2. Three-Dimensional Molecular Imaging with LAESI
 A three-axis translation stage was positioned with precision motorized actuators (LTA-HS, Newport corp., Irvine, Calif.) to scan the sample surface while keeping all other components of the LAESI setup in place. The actuators had a travel range of 50 mm and a minimum incremental motion of 0.1 μm. Thus, the ultimate resolution was determined by the focusing of the incident laser beam and the dimensions of the ablation craters (about 350 μm in diameter). To avoid the overlapping of the probed areas, the sample surface was scanned at a step size of 500 μm in the X and Y directions. At each coordinate, the cross-section of the live tissues were analyzed with 6 laser pulses while the generated ions were recorded for 30 seconds with the mass spectrometer.
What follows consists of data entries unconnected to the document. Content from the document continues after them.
lemma ctrl_dom_product_controller:
  assumes range: "\<And>i y. i < N \<Longrightarrow> C i y \<subseteq> Ud i"
    and Ud: "\<And>i. i < N \<Longrightarrow> Ud i \<subseteq> carrier_vec (m i)"
    and dom: "\<And>i. i < N \<Longrightarrow> ctrl_dom (C i) \<subseteq> Xd i"
  shows "ctrl_dom (product_controller n m N Xd Ud C) = stacked_prod n N (\<lambda>i. ctrl_dom (C i))"
proof
  show "ctrl_dom (product_controller n m N Xd Ud C) \<subseteq> stacked_prod n N (\<lambda>i. ctrl_dom (C i))"
    by (fastforce simp: ctrl_dom_def product_controller_def stacked_prod_def split: if_splits)
next
  show "stacked_prod n N (\<lambda>i. ctrl_dom (C i)) \<subseteq> ctrl_dom (product_controller n m N Xd Ud C)"
  proof
    fix x
    assume x: "x \<in> stacked_prod n N (\<lambda>i. ctrl_dom (C i))"
    then have "\<forall>i. \<exists>v. i < N \<longrightarrow> v \<in> C i (block n i x)"
      by (auto simp: stacked_prod_def ctrl_dom_def)
    then obtain v where v: "\<And>i. i < N \<Longrightarrow> v i \<in> C i (block n i x)"
      by metis
    have v_carrier: "\<And>i. i < N \<Longrightarrow> v i \<in> carrier_vec (m i)"
      using v range Ud by blast
    have "x \<in> stacked_prod n N Xd"
      using x stacked_prod_mono[of N "\<lambda>i. ctrl_dom (C i)" Xd n] dom by blast
    moreover have "stack (map v [0..<N]) \<in> stacked_prod m N Ud"
      using v v_carrier range by (blast intro: stack_in_stacked_prod)
    ultimately have "stack (map v [0..<N]) \<in> product_controller n m N Xd Ud C x"
      using v v_carrier by (simp add: product_controller_def block_stack_map_upt)
    then show "x \<in> ctrl_dom (product_controller n m N Xd Ud C)"
      by (auto simp: ctrl_dom_def)
  qed
qed

lemma internal_input_in_Z_set:
  assumes "\<And>j. j < N \<Longrightarrow> j \<noteq> i \<Longrightarrow> H j i *\<^sub>v block n j x \<in> Z i j"
  shows "internal_input N n H i x \<in> Z_set N Z i"
  using assms unfolding internal_input_def Z_set_def others_def by auto

text \<open>No dimension hypotheses are needed: the sum of two vectors takes its dimension from the
  right summand, here the disturbance block.\<close>
lemma
  shows carrier_interconnection:
      "interconnection N n m A B D H x u w \<in> carrier_vec (sum n {..<N})"
    and block_interconnection: "i < N \<Longrightarrow> block n i (interconnection N n m A B D H x u w) =
      A i *\<^sub>v block n i x + B i *\<^sub>v block m i u + D i *\<^sub>v internal_input N n H i x + block n i w"
proof -
  let ?f = "\<lambda>i. A i *\<^sub>v block n i x + B i *\<^sub>v block m i u + D i *\<^sub>v internal_input N n H i x
                 + block n i w"
  have f_carrier: "\<And>i. i < N \<Longrightarrow> ?f i \<in> carrier_vec (n i)"
    using block_carrier[of n _ w] by (simp only: carrier_vec_def mem_Collect_eq index_add_vec(2))
  show "interconnection N n m A B D H x u w \<in> carrier_vec (sum n {..<N})"
    unfolding interconnection_def using f_carrier by (rule carrier_stack_map_upt)
  show "block n i (interconnection N n m A B D H x u w) = ?f i" if "i < N"
    unfolding interconnection_def using f_carrier that by (rule block_stack_map_upt)
qed

lemma interconnection_preserves_product_of_domains:
  assumes Z_cover: "\<And>i j. i < N \<Longrightarrow> j < N \<Longrightarrow> i \<noteq> j \<Longrightarrow>
                    (\<lambda>v. H j i *\<^sub>v v) ` inflate (n j) (X j) (\<delta> j) \<subseteq> Z i j"
    and C: "\<And>i. i < N \<Longrightarrow> sub_relaxed_safety_controller (n i) (m i) (A i) (B i) (D i)
                              (Z_set N Z i) (W i) (X i) (U i) (\<delta> i) (C i)"
    and x: "x \<in> stacked_prod n N (\<lambda>i. ctrl_dom (C i))"
    and u: "\<And>i. i < N \<Longrightarrow> block m i u \<in> C i (block n i x)"
    and w: "w \<in> stacked_prod n N W"
  shows "interconnection N n m A B D H x u w \<in> stacked_prod n N (\<lambda>i. ctrl_dom (C i))"
proof -
  have successor: "A i *\<^sub>v block n i x + B i *\<^sub>v block m i u + D i *\<^sub>v internal_input N n H i x
                     + block n i w \<in> ctrl_dom (C i)" if i: "i < N" for i
  proof -
    have "block n j x \<in> inflate (n j) (X j) (\<delta> j)" if "j < N" for j
      using x C[OF that] that by (auto simp: stacked_prod_def sub_relaxed_safety_controller_def)
    then have "internal_input N n H i x \<in> Z_set N Z i"
      using Z_cover[OF i] by (blast intro: internal_input_in_Z_set)
    moreover have "block n i x \<in> ctrl_dom (C i)" and "block n i w \<in> W i"
      using x w i by (simp_all add: stacked_prod_def)
    ultimately show ?thesis
      using C[OF i] u[OF i] unfolding sub_relaxed_safety_controller_def by blast
  qed
  show ?thesis
    using carrier_interconnection block_interconnection successor
    by (simp add: stacked_prod_def)
qed

lemma relaxed_safety_controller_product_controller:
  assumes X_carrier: "\<And>i. i < N \<Longrightarrow> X i \<subseteq> carrier_vec (n i)"
    and U_carrier: "\<And>i. i < N \<Longrightarrow> U i \<subseteq> carrier_vec (m i)"
    and \<delta>_le: "\<And>i. i < N \<Longrightarrow> \<delta> i \<le> R"
    and Z_cover: "\<And>i j. i < N \<Longrightarrow> j < N \<Longrightarrow> i \<noteq> j \<Longrightarrow>
                    (\<lambda>v. H j i *\<^sub>v v) ` inflate (n j) (X j) (\<delta> j) \<subseteq> Z i j"
    and C: "\<And>i. i < N \<Longrightarrow> sub_relaxed_safety_controller (n i) (m i) (A i) (B i) (D i)
                              (Z_set N Z i) (W i) (X i) (U i) (\<delta> i) (C i)"
  shows "relaxed_safety_controller (\<Sum>i<N. n i) (\<Sum>i<N. m i) (interconnection N n m A B D H)
           (stacked_prod n N W) (stacked_prod n N X) (stacked_prod m N U) R
           (product_controller n m N (\<lambda>i. inflate (n i) (X i) (\<delta> i))
              (\<lambda>i. inflate (m i) (U i) (\<delta> i)) C)"
    (is "relaxed_safety_controller _ _ _ _ _ _ _ ?C")
proof -
  let ?Xd = "\<lambda>i. inflate (n i) (X i) (\<delta> i)" and ?Ud = "\<lambda>i. inflate (m i) (U i) (\<delta> i)"
  have range: "\<And>i y. i < N \<Longrightarrow> C i y \<subseteq> ?Ud i"
    and dom: "\<And>i. i < N \<Longrightarrow> ctrl_dom (C i) \<subseteq> ?Xd i"
    using C by (simp_all add: sub_relaxed_safety_controller_def)
  have dom_C: "ctrl_dom ?C = stacked_prod n N (\<lambda>i. ctrl_dom (C i))"
    using range inflate_carrier[OF U_carrier] dom by (rule ctrl_dom_product_controller)
  show ?thesis
    unfolding relaxed_safety_controller_def
  proof (intro conjI allI ballI)
    show "?C x \<subseteq> inflate (\<Sum>i<N. m i) (stacked_prod m N U) R" for x
      using stacked_prod_inflate_subset[of N U m \<delta>, OF U_carrier \<delta>_le]
      by (auto simp: product_controller_def)
    show "ctrl_dom ?C \<subseteq> inflate (\<Sum>i<N. n i) (stacked_prod n N X) R"
      using stacked_prod_mono[of N "\<lambda>i. ctrl_dom (C i)" ?Xd n, OF dom]
        stacked_prod_inflate_subset[of N X n \<delta>, OF X_carrier \<delta>_le]
      unfolding dom_C by blast
    fix x u w
    assume "x \<in> ctrl_dom ?C" and "u \<in> ?C x" and "w \<in> stacked_prod n N W"
    then show "interconnection N n m A B D H x u w \<in> ctrl_dom ?C"
      unfolding dom_C using Z_cover C
      by (intro interconnection_preserves_product_of_domains[where X = X and U = U and Z = Z])
        (auto simp: product_controller_def split: if_splits)
  qed
qed

theorem theorem3:
  fixes N :: nat
    and n m :: "nat \<Rightarrow> nat"
    and pp :: "nat \<Rightarrow> nat \<Rightarrow> nat"
    and A B D :: "nat \<Rightarrow> real mat"
    and H :: "nat \<Rightarrow> nat \<Rightarrow> real mat"
    and X U W :: "nat \<Rightarrow> real vec set"
    and Z :: "nat \<Rightarrow> nat \<Rightarrow> real vec set"
    and \<delta> :: "nat \<Rightarrow> real"
    and Csub :: "nat \<Rightarrow> real vec \<Rightarrow> real vec set"
  assumes N: "N \<ge> 1"
    and A_dim: "\<And>i. i < N \<Longrightarrow> A i \<in> carrier_mat (n i) (n i)"
    and B_dim: "\<And>i. i < N \<Longrightarrow> B i \<in> carrier_mat (n i) (m i)"
    and D_dim: "\<And>i. i < N \<Longrightarrow> D i \<in> carrier_mat (n i) (\<Sum>j\<leftarrow>others N i. pp i j)"
    and H_dim: "\<And>i j. i < N \<Longrightarrow> j < N \<Longrightarrow> i \<noteq> j \<Longrightarrow> H i j \<in> carrier_mat (pp j i) (n i)"
    and X_cpt: "\<And>i. i < N \<Longrightarrow> compact_in_R (n i) (X i)"
    and U_cpt: "\<And>i. i < N \<Longrightarrow> compact_in_R (m i) (U i)"
    and W_cpt: "\<And>i. i < N \<Longrightarrow> compact_in_R (n i) (W i)"
    and Z_cpt: "\<And>i j. i < N \<Longrightarrow> j < N \<Longrightarrow> i \<noteq> j \<Longrightarrow> compact_in_R (pp i j) (Z i j)"
    and Z_cover: "\<And>i j. i < N \<Longrightarrow> j < N \<Longrightarrow> i \<noteq> j \<Longrightarrow>
                    (\<lambda>v. H j i *\<^sub>v v) ` inflate (n j) (X j) (\<delta> j) \<subseteq> Z i j"
    and \<delta>_nonneg: "\<And>i. i < N \<Longrightarrow> \<delta> i \<ge> 0"
    and Csub: "\<And>i. i < N \<Longrightarrow>
                 sub_relaxed_safety_controller (n i) (m i) (A i) (B i) (D i) (Z_set N Z i) (W i)
                   (X i) (U i) (\<delta> i) (Csub i)"
  shows "relaxed_safety_controller (\<Sum>i<N. n i) (\<Sum>i<N. m i)
           (interconnection N n m A B D H) (stacked_prod n N W)
           (stacked_prod n N X) (stacked_prod m N U)
           (Max ((\<lambda>i. \<bar>\<delta> i\<bar>) ` {..<N}))
           (\<lambda>x. if x \<in> stacked_prod n N (\<lambda>i. inflate (n i) (X i) (\<delta> i))
                then {u \<in> stacked_prod m N (\<lambda>i. inflate (m i) (U i) (\<delta> i)).
                        \<forall>i<N. block m i u \<in> Csub i (block n i x)}
                else {})"
proof -
  have "relaxed_safety_controller (\<Sum>i<N. n i) (\<Sum>i<N. m i) (interconnection N n m A B D H)
          (stacked_prod n N W) (stacked_prod n N X) (stacked_prod m N U)
          (Max ((\<lambda>i. \<bar>\<delta> i\<bar>) ` {..<N}))
          (product_controller n m N (\<lambda>i. inflate (n i) (X i) (\<delta> i))
             (\<lambda>i. inflate (m i) (U i) (\<delta> i)) Csub)"
  proof (rule relaxed_safety_controller_product_controller[OF _ _ _ Z_cover Csub])
    show "X i \<subseteq> carrier_vec (n i)" and "U i \<subseteq> carrier_vec (m i)" if "i < N" for i
      using X_cpt[OF that] U_cpt[OF that] by (simp_all add: compact_in_R_def)
    show "\<delta> i \<le> Max ((\<lambda>i. \<bar>\<delta> i\<bar>) ` {..<N})" if "i < N" for i
      using that by (intro order.trans[OF abs_ge_self Max_ge]) auto
  qed
  then show ?thesis
    by (simp only: product_controller_def[abs_def])
qed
Under these settings, three-dimensional imaging of a 12.5×10.5 mm2 area required a total analysis time of about 5 hours. Higher repetition rates for laser ablation and a lowered ion collection time can significantly shorten this analysis time in future applications. A software was written in-house (LabView 8.0) to position the translation stage and render the analysis times to the corresponding X-Y coordinates and laser pulses. The exported data sets of mass-selected ions were converted into three dimensional distributions and were presented in contour plot images with a scientific visualization package (Origin 7.0, OriginLab Co., Northampton, Mass.). 3. Chemicals
 Glacial acetic acid (TraceSelect grade) and gradient grade water and methanol were obtained from Sigma Aldrich and were used as received. The Easter lily (Spathiphyllum Lynise) and Zebra plant (Aphelandra Squamosa) were purchased from a local florist at an approximate age of one and a half years. The plants were watered every 2 days with about 300 mL tap water to keep their soil moderately moist to touch. No fertilizer was used during the experiments. Temperature and light conditions were 20-25° C. in light shade, protected from direct sun.
 It will be clear to a person of ordinary skill in the art that the above embodiments may be altered or that insubstantial changes may be made without departing from the scope of the invention. Accordingly, the scope of the invention is determined by the scope of the following claims and their equitable equivalents.